2017 haben Wissenschaftler um Marcus Huber vom Wiener Institut für Quantenoptik und Quanteninformation (IQOQI) der Akademie der Wissenschaften (ÖAW) und der Technischen Universität (TU) Wien gezeigt, dass eine Uhr sogar umso mehr Energie verbraucht, je genauer sie tickt.
«Die Message damals war: Uhren sind auch thermodynamische Maschinen und produzieren auch Entropie», sagte Huber zur Nachrichtenagentur APA. Nun ging es den Forschern unter anderem darum, herauszufinden, ob sich das vielleicht irgendwie umgehen lässt. Die Antwort in ihrer nun im Fachblatt «Physical Review X» erschienenen Arbeit ist «nein».
Auswirkungen hat das vor allem für die Konstruktion einer Quantenuhr, die es beispielsweise in einem Quantencomputer und vor allem für die Herleitung fundamentaler Grenzen der Zeitmessung bräuchte.
Denkt man etwa an einen Zeitmesser aus dem Alltagsgebrauch, wie eine Pendeluhr, dann hat man es mit einem «schönen periodischen Prozess» zu tun. In diesem Fall ist dies das Pendel, das sich möglichst gleichmässig und unbehelligt durch äussere Störungen wie Reibung jeglicher Art bewegen soll.

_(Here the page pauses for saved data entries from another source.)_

(* Fix an integer $q\ge2$, $c\in\mathbb{R}$ and $\lambda\in(-1/q-c,-c)$ such that $f_c$ satisfies the pre-$q$-Sturmian condition for $\lambda$, with Lipschitz function $\psi$ and constant $\beta$; regard $\psi$ as a $1$-periodic function on $\mathbb{R}$ and $T(x)=qx$ on $\mathbb{R}$. Let $\theta=\lambda+1/q+c\in(0,1/q)$ and $f=f_0$. Then: (i) For any $x\in(\lambda+q^{-1},\lambda+2q^{-1})$, with $t:=x-\lambda-q^{-1}$, $$\psi(T(x))-\psi(T(\lambda+q^{-1}))\ge f(q^{-1}-\theta-t)-f(q^{-1}-\theta)+f'(\theta)\frac{t}{q-1}.$$ (i)' For any $x\in(\lambda-q^{-1},\lambda)$, with $t:=\lambda-x$, $$\psi(T(x))-\psi(T(\lambda))\ge f(\theta-t)-f(\theta)+f'(q^{-1}-\theta)\frac{t}{q-1}.$$
   Context: $\mathbb{T}=\mathbb{R}/\mathbb{Z}$. $f_0(x)=\log\left|\frac{\sin\pi qx}{\sin\pi x}\right|$ (value $\log q$ at integers), a $1$-periodic even function, real-analytic and strictly concave on $(-1/q,1/q)$; $f_c(x)=f_0(x+c)$. $C_\lambda=[\lambda,\lambda+1/q]\bmod1$. The function $f_c$ satisfies the pre-$q$-Sturmian condition for $\lambda$ if $f_c$ is Lipschitz on $C_\lambda$ and there exist a Lipschitz $\psi:\mathbb{T}\to\mathbb{R}$ and $\beta\in\mathbb{R}$ with $f_c(x)+\psi(x)-\psi(Tx)=\beta$ for all $x\in C_\lambda$, where $Tx=qx\bmod 1$. *)

theory Defs
  imports "HOL-Analysis.Analysis"
begin

definition f0 :: "nat \<Rightarrow> real \<Rightarrow> real" where
  "f0 q x = (if x \<in> \<int> then ln (real q)
             else ln \<bar>sin (pi * real q * x) / sin (pi * x)\<bar>)"

definition fc :: "nat \<Rightarrow> real \<Rightarrow> real \<Rightarrow> real" where
  "fc q c x = f0 q (x + c)"

text \<open>Preimage in R of the arc C_lambda = [lambda, lambda + 1/q] mod 1.\<close>
definition Cset :: "nat \<Rightarrow> real \<Rightarrow> real set" where
  "Cset q lam = {x. \<exists>k::int. x - of_int k \<in> {lam .. lam + 1 / real q}}"

text \<open>Pre-q-Sturmian condition for lambda, witnessed by psi (a Lipschitz function
  on the circle, i.e. a 1-periodic Lipschitz function on R) and the constant beta;
  T x = q x mod 1, which is q x on R since psi is 1-periodic.\<close>
definition pre_sturmian_with ::
    "nat \<Rightarrow> real \<Rightarrow> real \<Rightarrow> (real \<Rightarrow> real) \<Rightarrow> real \<Rightarrow> bool" where
  "pre_sturmian_with q c lam psi beta \<longleftrightarrow>
     (\<exists>L. L-lipschitz_on (Cset q lam) (fc q c)) \<and>
     (\<forall>x. psi (x + 1) = psi x) \<and>
     (\<exists>L. L-lipschitz_on UNIV psi) \<and>
     (\<forall>x \<in> Cset q lam. fc q c x + psi x - psi (real q * x) = beta)"

end

theory Submission
  imports Defs "HOL-Real_Asymp.Real_Asymp"
begin

text \<open>On the arc \<open>[lam, lam + 1/q]\<close> the cohomological equation turns the increment of
  \<open>psi \<circ> T\<close> minus that of \<open>psi\<close> into an increment of \<open>f0\<close> on \<open>[\<theta> - 1/q, \<theta>]\<close>, which is
  at least \<open>f0' \<theta>\<close> times the increment of the argument: \<open>f0\<close> increases left of \<open>0\<close> and is
  concave right of \<open>0\<close>. As \<open>T\<close> expands by \<open>q\<close>, a lower bound \<open>s\<close> for the slopes of \<open>psi\<close>
  improves to \<open>(f0' \<theta> + s) / q\<close>; iterating from the Lipschitz bound shows that \<open>psi\<close> has
  slopes at least \<open>f0' \<theta> / (q - 1)\<close>. One more application of the equation gives (i), and
  (i)' is (i) for the data reflected by \<open>x \<mapsto> -x\<close>, which turns \<open>\<theta>\<close> into \<open>1/q - \<theta>\<close>.\<close>

definition unit_window_slope_ge :: "(real \<Rightarrow> real) \<Rightarrow> real \<Rightarrow> bool" where
  "unit_window_slope_ge g s \<longleftrightarrow>
     (\<forall>z1 z2. z1 \<le> z2 \<longrightarrow> z2 \<le> z1 + 1 \<longrightarrow> s * (z2 - z1) \<le> g z2 - g z1)"

lemma unit_window_slope_geD:
  "unit_window_slope_ge g s \<Longrightarrow> z1 \<le> z2 \<Longrightarrow> z2 \<le> z1 + 1 \<Longrightarrow> s * (z2 - z1) \<le> g z2 - g z1"
  unfolding unit_window_slope_ge_def by blast

lemma unit_window_slope_ge_mono:
  assumes "unit_window_slope_ge g s" and "s' \<le> s"
  shows "unit_window_slope_ge g s'"
  unfolding unit_window_slope_ge_def
proof (intro allI impI)
  fix z1 z2 :: real assume z: "z1 \<le> z2" "z2 \<le> z1 + 1"
  have "s' * (z2 - z1) \<le> s * (z2 - z1)" using z assms(2) by (intro mult_right_mono) auto
  also have "\<dots> \<le> g z2 - g z1" using unit_window_slope_geD[OF assms(1) z] .
  finally show "s' * (z2 - z1) \<le> g z2 - g z1" .
qed

lemma lipschitz_imp_unit_window_slope_ge:
  assumes "L-lipschitz_on UNIV g"
  shows "unit_window_slope_ge g (- L)"
  unfolding unit_window_slope_ge_def
proof (intro allI impI)
  fix z1 z2 :: real assume "z1 \<le> z2"
  have "\<bar>g z2 - g z1\<bar> \<le> L * \<bar>z2 - z1\<bar>"
    using lipschitz_onD[OF assms, of z2 z1] by (simp add: dist_real_def)
  then show "- L * (z2 - z1) \<le> g z2 - g z1" using \<open>z1 \<le> z2\<close> by simp
qed

lemma unit_window_slope_ge_sup:
  assumes "\<And>s'. s' < s \<Longrightarrow> unit_window_slope_ge g s'"
  shows "unit_window_slope_ge g s"
  unfolding unit_window_slope_ge_def
proof (intro allI impI)
  fix z1 z2 :: real assume z: "z1 \<le> z2" "z2 \<le> z1 + 1"
  show "s * (z2 - z1) \<le> g z2 - g z1"
  proof (cases "z1 = z2")
    case False
    with z have pos: "0 < z2 - z1" by simp
    have "s' \<le> (g z2 - g z1) / (z2 - z1)" if "s' < s" for s'
      using unit_window_slope_geD[OF assms[OF that] z] pos by (simp add: pos_le_divide_eq)
    then have "s \<le> (g z2 - g z1) / (z2 - z1)" by (rule dense_le)
    then show ?thesis using pos by (simp add: pos_le_divide_eq)
  qed simp
qed

lemma periodic_unit_window_slope_ge:
  fixes g :: "real \<Rightarrow> real"
  assumes "periodic_fun_simple' g"
    and window: "\<And>w1 w2. a \<le> w1 \<Longrightarrow> w1 \<le> w2 \<Longrightarrow> w2 \<le> a + 1 \<Longrightarrow> s * (w2 - w1) \<le> g w2 - g w1"
  shows "unit_window_slope_ge g s"
  unfolding unit_window_slope_ge_def
proof (intro allI impI)
  interpret periodic_fun_simple' g by fact
  fix z1 z2 :: real assume z: "z1 \<le> z2" "z2 \<le> z1 + 1"
  define k where "k = \<lfloor>z1 - a\<rfloor>"
  define w1 where "w1 = z1 - of_int k"
  define w2 where "w2 = z2 - of_int k"
  have g_w: "g w1 = g z1" "g w2 = g z2" by (simp_all add: w1_def w2_def minus_of_int)
  have w1: "a \<le> w1" "w1 < a + 1"
    unfolding w1_def k_def using floor_correct[of "z1 - a"] by linarith+
  have w: "w1 \<le> w2" "w2 \<le> w1 + 1" "w2 - w1 = z2 - z1" using z by (auto simp: w1_def w2_def)
  have "s * (w2 - w1) \<le> g w2 - g w1"
  proof (cases "w2 \<le> a + 1")
    case True
    then show ?thesis using window w1(1) w(1) by blast
  next
    case False
    have "s * (a + 1 - w1) \<le> g (a + 1) - g w1" using window w1 by simp
    moreover have "s * (w2 - 1 - a) \<le> g (w2 - 1) - g a" using window w1 w False by simp
    moreover have "g (a + 1) = g a" "g (w2 - 1) = g w2" by (simp_all add: plus_period minus_1)
    moreover have "s * (w2 - w1) = s * (a + 1 - w1) + s * (w2 - 1 - a)"
      by (simp add: algebra_simps)
    ultimately show ?thesis by linarith
  qed
  then show "s * (z2 - z1) \<le> g z2 - g z1" by (simp only: w(3) g_w)
qed

lemma expanding_window_slope_step:
  fixes g :: "real \<Rightarrow> real" and q A s :: real
  assumes q: "q > 1" and per: "periodic_fun_simple' g"
    and expand: "\<And>y1 y2. lam \<le> y1 \<Longrightarrow> y1 \<le> y2 \<Longrightarrow> y2 \<le> lam + 1 / q \<Longrightarrow>
        A * (y2 - y1) \<le> (g (q * y2) - g (q * y1)) - (g y2 - g y1)"
    and slope: "unit_window_slope_ge g s"
  shows "unit_window_slope_ge g ((A + s) / q)"
proof (rule periodic_unit_window_slope_ge[OF per, of "q * lam"])
  fix w1 w2 assume w: "q * lam \<le> w1" "w1 \<le> w2" "w2 \<le> q * lam + 1"
  define y1 where "y1 = w1 / q"
  define y2 where "y2 = w2 / q"
  have w_eq: "w1 = q * y1" "w2 = q * y2" using q by (simp_all add: y1_def y2_def)
  have y: "lam \<le> y1" "y1 \<le> y2" "y2 \<le> lam + 1 / q"
    using w q by (auto simp: y1_def y2_def field_simps)
  have "y2 - y1 \<le> 1 / q" using y by simp
  also have "\<dots> \<le> 1" using q by simp
  finally have "y2 \<le> y1 + 1" by simp
  then have "(A + s) * (y2 - y1) \<le> g w2 - g w1"
    using expand[OF y] unit_window_slope_geD[OF slope y(2)] unfolding w_eq distrib_right by linarith
  then show "(A + s) / q * (w2 - w1) \<le> g w2 - g w1"
    using q by (simp add: w_eq right_diff_distrib[symmetric])
qed

lemma expanding_window_slope_bound:
  fixes g :: "real \<Rightarrow> real" and q A L :: real
  assumes q: "q > 1" and per: "periodic_fun_simple' g" and lip: "L-lipschitz_on UNIV g"
    and expand: "\<And>y1 y2. lam \<le> y1 \<Longrightarrow> y1 \<le> y2 \<Longrightarrow> y2 \<le> lam + 1 / q \<Longrightarrow>
        A * (y2 - y1) \<le> (g (q * y2) - g (q * y1)) - (g y2 - g y1)"
  shows "unit_window_slope_ge g (A / (q - 1))"
proof (rule unit_window_slope_ge_sup)
  define m where "m = A / (q - 1)"
  define C where "C = m + L"
  have A_eq: "A = m * (q - 1)" using q by (simp add: m_def)
  have iterate: "unit_window_slope_ge g (m - C / q ^ n)" for n
  proof (induction n)
    case 0
    show ?case using lipschitz_imp_unit_window_slope_ge[OF lip] by (simp add: C_def)
  next
    case (Suc n)
    have "(A + (m - C / q ^ n)) / q = (m * q - C / q ^ n) / q"
      unfolding A_eq by (simp add: algebra_simps)
    also have "\<dots> = m - C / q ^ Suc n"
      using q by (simp add: diff_divide_distrib)
    finally have "(A + (m - C / q ^ n)) / q = m - C / q ^ Suc n" .
    then show ?case using expanding_window_slope_step[OF q per expand Suc.IH] by simp
  qed
  fix s' assume "s' < A / (q - 1)"
  then have gap: "0 < m - s'" by (simp add: m_def)
  obtain n where "\<bar>C\<bar> / (m - s') < q ^ n" using real_arch_pow[OF q] by blast
  then have "\<bar>C\<bar> < (m - s') * q ^ n" using gap by (simp add: pos_divide_less_eq mult.commute)
  then have "C / q ^ n \<le> m - s'" using q by (simp add: pos_divide_le_eq)
  then show "unit_window_slope_ge g s'"
    by (intro unit_window_slope_ge_mono[OF iterate[of n]]) linarith
qed

lemma f0_minus [simp]: "f0 q (- x) = f0 q x"
  by (simp add: f0_def)

lemma abs_sin_of_nat_mult_le: "\<bar>sin (real n * x)\<bar> \<le> real n * \<bar>sin x\<bar>"
proof (induction n)
  case (Suc n)
  have "sin (real (Suc n) * x) = sin (real n * x) * cos x + cos (real n * x) * sin x"
    by (simp add: distrib_right sin_add)
  also have "\<bar>\<dots>\<bar> \<le> \<bar>sin (real n * x)\<bar> * \<bar>cos x\<bar> + \<bar>cos (real n * x)\<bar> * \<bar>sin x\<bar>"
    by (metis abs_mult abs_triangle_ineq)
  also have "\<dots> \<le> \<bar>sin (real n * x)\<bar> + \<bar>sin x\<bar>"
    by (intro add_mono) (auto intro: mult_left_le mult_left_le_one_le abs_cos_le_one)
  finally show ?case using Suc by (simp add: distrib_right)
qed simp

lemma sin_pos_below_pi_div:
  fixes Q x :: real
  assumes "Q \<ge> 1" and "0 < x" and "x < pi / Q"
  shows "sin x > 0" and "sin (Q * x) > 0"
proof -
  have "pi / Q \<le> pi" using assms(1) by (simp add: field_simps)
  then show "sin x > 0" using assms by (intro sin_gt_zero) auto
  have "Q * x < pi" using assms by (simp add: field_simps)
  then show "sin (Q * x) > 0" using assms by (intro sin_gt_zero) auto
qed

lemma cot_mult_le_cot:
  fixes Q x :: real
  assumes Q: "Q \<ge> 1" and x: "0 < x" "x < pi / Q"
  shows "Q * cot (Q * x) \<le> cot x"
proof -
  let ?k = "\<lambda>y. cos y * sin (Q * y) - Q * cos (Q * y) * sin y"
  have "?k 0 \<le> ?k x"
  proof (rule DERIV_nonneg_imp_increasing_open[of 0 x])
    fix y assume y: "0 < y" "y < x"
    then have "sin y > 0" "sin (Q * y) > 0" using sin_pos_below_pi_div[OF Q] x by auto
    moreover have "Q\<^sup>2 - 1 \<ge> 0" using Q by (simp add: one_le_power)
    ultimately have "(Q\<^sup>2 - 1) * sin (Q * y) * sin y \<ge> 0" by simp
    moreover have "(?k has_real_derivative (Q\<^sup>2 - 1) * sin (Q * y) * sin y) (at y)"
      by (auto intro!: derivative_eq_intros simp: algebra_simps power2_eq_square)
    ultimately show "\<exists>d. (?k has_real_derivative d) (at y) \<and> d \<ge> 0" by blast
  qed (use x in \<open>auto intro!: continuous_intros\<close>)
  then have "Q * cos (Q * x) * sin x \<le> cos x * sin (Q * x)" by simp
  then show ?thesis using sin_pos_below_pi_div[OF Q x] by (simp add: cot_def field_simps)
qed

Um einen solchen Chronometer abzulesen, muss der Betrachter ihn anschauen. Dieses optische Auslesen geschieht durch Lichtteilchen (Photon), die von der Sonne oder einer künstlichen Lichtquelle kommen, auf dem Pendel landen, dort abprallen und «von uns im Auge in einer Fotozelle detektiert werden», erklärte Huber.
Dahinter steckt ein irreversibler Prozess bei dem Entropie entsteht, da etwa in der Sonne Energie umgewandelt wird. «Das heisst, die Beobachtung des Pendels ist thermodynamisch nicht gratis», so der Physiker. Denn jedes Photon, das am Pendel abprallt, bremst dieses letztlich um ein Quäntchen. In einer derart grossen Uhr falle das nicht ins Gewicht, «in der Quantenwelt ist das aber anders».
Möchte man also eine Uhr bauen, die selbst nur aus wenigen Quantensystemen besteht, «ist das Auslesen plötzlich nicht mehr sozusagen ‹gratis›. Wenn ich ein paar Milliarden Photonen auf ein Atom schiesse, störe und zerstöre ich es eigentlich und mache die Information nutzlos», sagte Huber.
Das neue mathematische Modell der Forscher um Huber und den Studien-Erstautor Emanuel Schwarzhans zeigt nun, dass vor allem eine Quantenuhr immer eine geschickte Kombination aus periodischem und irreversiblem Prozess sein muss. «Diese Aufspaltung in einen periodischen und irreversiblen Prozess zeigt auch, dass es die ‹perfekte Uhr› in der Natur nicht geben kann. Denn die Genauigkeit der Uhr ist auch durch die Geschwindigkeit des irreversiblen Prozess limitiert, diese ist wiederum von der Natur vorgegeben und kann deshalb nicht beliebig verändert werden», so Schwarzhans.
Die Konsequenz aus den Überlegungen ist, «dass es am besten ist, nach periodischen Prozessen zu suchen, die möglichst elegant in irreversible Systeme übergreifen. Dann baut man wirklich gute Uhren», so Huber: «Wir sind also technisch schon an der Grenze angelangt, wo diese Fragen nicht zu vernachlässigen sind.»